TiDB is definitely much faster.

| username: TiDBer_小阿飞 | Original post link

Have the prices been estimated?

| username: 托马斯滑板鞋 | Original post link

The price is taken from the monthly price on the ECS purchase settlement page in the Alibaba Cloud console. :upside_down_face:

| username: OnTheRoad | Original post link

This kind of comparison doesn’t hold much significance, does it?

| username: 托马斯滑板鞋 | Original post link

Because the resource utilization rate of single-master MGR is not high, I am considering whether TiDB can replace it on a low-configuration cluster to improve resource utilization. Additionally, the public TPC-C model cannot be tested on MGR (lacks primary key), so I can only use master-slave semi-synchronous simulation for comparison. The test involving sensitive data in the business scenario will not be disclosed.

| username: xingzhenxiang | Original post link

I feel that the distributed advantages of TiDB have not been demonstrated.

| username: 托马斯滑板鞋 | Original post link

In actual stress testing, the resource utilization of the three TiDB hosts is very low, which is much better compared to a single MySQL MGR master. :kissing_closed_eyes:

| username: xingzhenxiang | Original post link

This works, MGR is rarely used.

| username: TiDBer_nwwtuEWS | Original post link

Hello, I am experiencing a similar issue when using tiup bench tpcc to stress test a single MySQL instance. The tiup bench tpcc check for data consistency is extremely time-consuming. I would like to know if you have encountered a similar situation or if you can provide some optimization suggestions.

Details are as follows:

  • Database host configuration: 16 cores, 128GB memory, 1TB high-performance disk, virtual memory disabled.
  • MySQL was installed on Ubuntu 20.04 using apt-get install mysql-server, version 8.0. The only configuration optimizations made in /etc/mysql/mysql.conf.d/mysqld.cnf were:
    • innodb_buffer_pool_size = 96G
    • innodb_write_io_threads = 16
    • innodb_read_io_threads = 16

The benchmarking machine has the same configuration as the MySQL host, using 16 threads to stress test 8 warehouses:

tiup bench tpcc check --warehouses 8 --threads 16

During the process, the database CPU usage is around 800%, which is about 50% of the 16-core CPU. Memory and I/O usage are both very low. The benchmarking machine’s CPU, memory, and I/O usage are also very low. Since the test is conducted over an internal network, network bandwidth is not a bottleneck. However, the check duration is around 1 hour, which seems abnormal.

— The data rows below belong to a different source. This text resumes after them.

definition dcount :: "nat set \<Rightarrow> nat" where
  "dcount C = card {B :: nat set. \<exists>D :: nat set. sumset B D = C}"

end

theory Submission
  imports Defs
begin

(* A summand B of {0..m} with largest element b is exactly a set with 0, b in B, B a subset of
   {0..b}, whose consecutive elements differ by at most m + 1 - b (take D = {0..m - b}).  Hence
   d({0..m}) = sum over b <= m of r(b, m + 1 - b), where r(N, G) counts such "gap sets" of {0..N}
   with gaps at most G.  Removing the largest element gives r(N + 1, G) = sum of r(b, G) over
   N + 1 - G <= b <= N, so for G >= 2 both r(N + 2) >= r(N + 1) + r(N) and r(N + 1) <= 2 r(N),
   i.e. 3 r(N + 1) <= 2 r(N + 2).  Comparing d({0..m}) and d({0..m + 1}) term by term yields
   3 d({0..m}) <= 2 d({0..m + 1}), strictly unless m = 1, and iterating this along the
   increasing sequence d({0..m}) gives (j + 1) d({0..k - j}) <= 2 d({0..k - 1}). *)

(* The last conjunct says that consecutive elements of B differ by at most G. *)
definition gap_sets :: "nat \<Rightarrow> nat \<Rightarrow> nat set set" where
  "gap_sets N G =
     {B. B \<subseteq> {0..N} \<and> 0 \<in> B \<and> N \<in> B \<and> (\<forall>x\<le>N. \<exists>y\<in>B. y \<le> x \<and> x < y + G)}"

definition gap_count :: "nat \<Rightarrow> nat \<Rightarrow> nat" where
  "gap_count N G = card (gap_sets N G)"

lemma finite_gap_sets: "finite (gap_sets N G)"
  by (rule finite_subset[of _ "Pow {0..N}"]) (auto simp: gap_sets_def)

lemma gap_sets_Max:
  assumes "B \<in> gap_sets N G"
  shows "Max B = N"
  using assms by (intro Max_eqI) (auto simp: gap_sets_def intro: finite_subset)

lemma gap_sets_subset: "B \<in> gap_sets N G \<Longrightarrow> B \<subseteq> {0..N}"
  by (simp add: gap_sets_def)

lemma gap_sets_0: "1 \<le> G \<Longrightarrow> gap_sets 0 G = {{0}}"
  by (auto simp: gap_sets_def)
(* Let $\xi$ be a real random variable with mean zero and variance one, let $A,C>0$ be arbitrary constants, let $K$ be a fixed positive integer, and let $r>0$ be a fixed constant. Let $d\in\{1,2,4\}$ and for $1\le i\le n$ let $\mathbf w_i\in\mathbb R^d$ be one of: (d=1) $\mathbf w_i=b_i(x)$ with $x\in I_W$; (d=2) $\mathbf w_i=(b_i(x),c_i(x))$ with $x\in I_W$; (d=4) $\mathbf w_i=(b_i(x),c_i(x),b_i(y),c_i(y))$ with $x,y\in I_W$, $|x-y|\ge N^{\varepsilon_g}$ for a fixed constant $0<\varepsilon_g<1/2$. Let $\phi_i(\eta)=\mathbb E\exp(\mathrm i\,\xi\langle\mathbf w_i,\eta\rangle)$ for $\eta\in\mathbb R^d$. Then, provided $N$ is sufficiently large, for every index set $I\subset\{1,\dots,n\}$ with $|I|\le K$ and every $\eta\in\mathbb R^d$ with $r\le\|\eta\|_2^2\le N^{A}$, \[\Big|\prod_{i\notin I}\phi_i(\eta)\Big|\le N^{-C}.\]
   Context: Let $0<c_1<c_2$ be constants, $n$ a large integer and $M$ a large parameter (possibly growing with $n$) with $I_W:=[c_1M,c_2M]\subset[0,\sqrt n-M]$; set $N:=M$. For $x>0$ and $1\le i\le n$ let $b_i(x)=\sqrt N\,e^{-x^2/2}\,x^i/\sqrt{i!}$ and $c_i(x)=b_i'(x)=\sqrt N\,e^{-x^2/2}\,\frac{i-x^2}{x}\,\frac{x^i}{\sqrt{i!}}$. These are the step vectors of the random walks $\sum_{i=1}^n\xi_i\mathbf w_i$ associated to Weyl polynomials. *)

theory Defs
  imports "HOL-Probability.Probability"
begin

definition weyl_b :: "real \<Rightarrow> nat \<Rightarrow> real \<Rightarrow> real" where
  "weyl_b N i x = sqrt N * exp (- (x^2) / 2) * x ^ i / sqrt (fact i)"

Could you please help me understand what might be causing this issue? Thank you very much.

| username: 托马斯滑板鞋 | Original post link

Slower than TiDB, couldn’t find the source code. I suspect that the check phase is performing multi-table joins (MySQL’s performance in this area is quite poor). Looking forward to an expert from the original team to help answer this :upside_down_face:
P.S: I suggest directly judging data consistency through logs.

| username: TiDBer_nwwtuEWS | Original post link

Got it, thanks.

| username: TiDBer_uI8QIp1t | Original post link

Hello, I deployed TiDB on 3 servers, each with KV, DB, and PD, just like you. Then, the Java package only accesses the DB on one of the nodes. The configuration is based on the three-node mixed deployment article. However, the concurrency handled by the Java package’s interface is very low, with responses coming in batches of 2 or 3 interfaces. Is this because I didn’t deploy HAProxy, or did I miss some configuration?

| username: andone | Original post link

Thank you, noted.

| username: Jellybean | Original post link

TiDB has advantages in scenarios with large-scale data (more than 50 million rows in a single table). Additionally, when conducting performance tests, it’s important to deploy each instance node separately; otherwise, there will be significant mutual interference, affecting the accuracy of the results.

In cases where the data volume is not large, MySQL has greater advantages in terms of performance and cost efficiency.

If the original poster intends to conduct a comprehensive performance test on TiDB, there is still a lot of room for optimization.